> [WHAT THE EXERCISE ASKS]
Repeat exactly, and only, the lines from the one holding "using card_mono[OF finite]" through the last line of the records below.

--------------------------------

lemma normal_eq_gradient_bound:
  fixes A :: "real^'n^'m"
  assumes card_T: "card T \<le> k" and supp_x: "supp x \<subseteq> T"
    and normal_eq: "\<And>j. j \<in> T \<Longrightarrow> (transpose A *v (A *v x - A *v xs)) $ j = 0"
    and card_xs: "card (supp xs) \<le> k" and ric_k: "ric A k < 1"
    and unit_col: "norm (column i A) = 1" and "i \<notin> T"
  shows "\<bar>(transpose A *v (A *v x - A *v xs)) $ i + xs $ i\<bar> \<le> alpha_RIP A k * norm xs"
proof -
  define w where "w = x - xs"
  define w' where "w' = w - (w $ i) *\<^sub>R axis i 1"
  have w_i: "w $ i = - xs $ i"
    using supp_x \<open>i \<notin> T\<close> by (auto simp: w_def supp_def)
  have supp_w': "supp w' \<subseteq> (T \<union> supp xs) - {i}"
    using supp_x by (auto simp: w'_def w_def supp_def axis_def)
  have "A *v w = A *v w' + (w $ i) *\<^sub>R column i A"
    by (simp add: w'_def matrix_vector_mult_diff_distrib matrix_vector_mult_scaleR
        matrix_vector_mult_basis)
  moreover have "column i A \<bullet> column i A = 1"
    using unit_col by (simp add: dot_square_norm)
  \<comment> \<open>the unit column cancels the i-th coordinate, since w i = - xs i\<close>
  ultimately have "(transpose A *v (A *v x - A *v xs)) $ i + xs $ i = (A *v axis i 1) \<bullet> (A *v w')"
    by (simp add: transpose_mult_vec_nth w_i matrix_vector_mult_basis inner_add_right inner_diff_right
        flip: matrix_vector_mult_diff_distrib w_def)
  also have "\<bar>\<dots>\<bar> \<le> ric A (2*k+1) * norm (axis i (1::real)) * norm w'"
  proof (rule rip_inner_disjoint)
    show "supp (axis i 1) \<inter> supp w' = {}" using supp_w' by (auto simp: supp_axis)
    have "card (insert i (T \<union> supp xs)) \<le> Suc (card (T \<union> supp xs))"
      by (simp add: card_insert_if)
    then have "card (insert i (T \<union> supp xs)) \<le> 2*k+1"
      using card_Un_le[of T "supp xs"] card_T card_xs by linarith
    moreover have "supp (axis i 1) \<union> supp w' \<subseteq> insert i (T \<union> supp xs)"
      using supp_w' by (auto simp: supp_axis)
    ultimately show "card (supp (axis i 1) \<union> supp w') \<le> 2*k+1"
      using card_mono[OF finite] by (meson le_trans)
  qed
  also have "\<dots> \<le> ric A (2*k+1) * norm w"
  proof -
    have "norm w' \<le> norm w"
      by (rule norm_le_componentwise_cart) (simp add: w'_def axis_def)
    then show ?thesis using ric_nonneg[of A "2*k+1"] by (simp add: mult_left_mono)
  qed
  also have "\<dots> \<le> ric A (2*k+1) * ((1 + ric A (2*k) / (1 - ric A k)) * norm xs)"
    unfolding w_def using normal_eq_error_bound[OF assms(1-5)] ric_nonneg[of A "2*k+1"]
    by (rule mult_left_mono)
  finally show ?thesis by (simp add: alpha_RIP_def mult.assoc)
qed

--------------------------------

> [RESPONSE AREA]
      using card_mono[OF finite] by (meson le_trans)
  qed
  also have "\<dots> \<le> ric A (2*k+1) * norm w"
  proof -
    have "norm w' \<le> norm w"
      by (rule norm_le_componentwise_cart) (simp add: w'_def axis_def)
    then show ?thesis using ric_nonneg[of A "2*k+1"] by (simp add: mult_left_mono)
  qed
  also have "\<dots> \<le> ric A (2*k+1) * ((1 + ric A (2*k) / (1 - ric A k)) * norm xs)"
    unfolding w_def using normal_eq_error_bound[OF assms(1-5)] ric_nonneg[of A "2*k+1"]
    by (rule mult_left_mono)
  finally show ?thesis by (simp add: alpha_RIP_def mult.assoc)
qed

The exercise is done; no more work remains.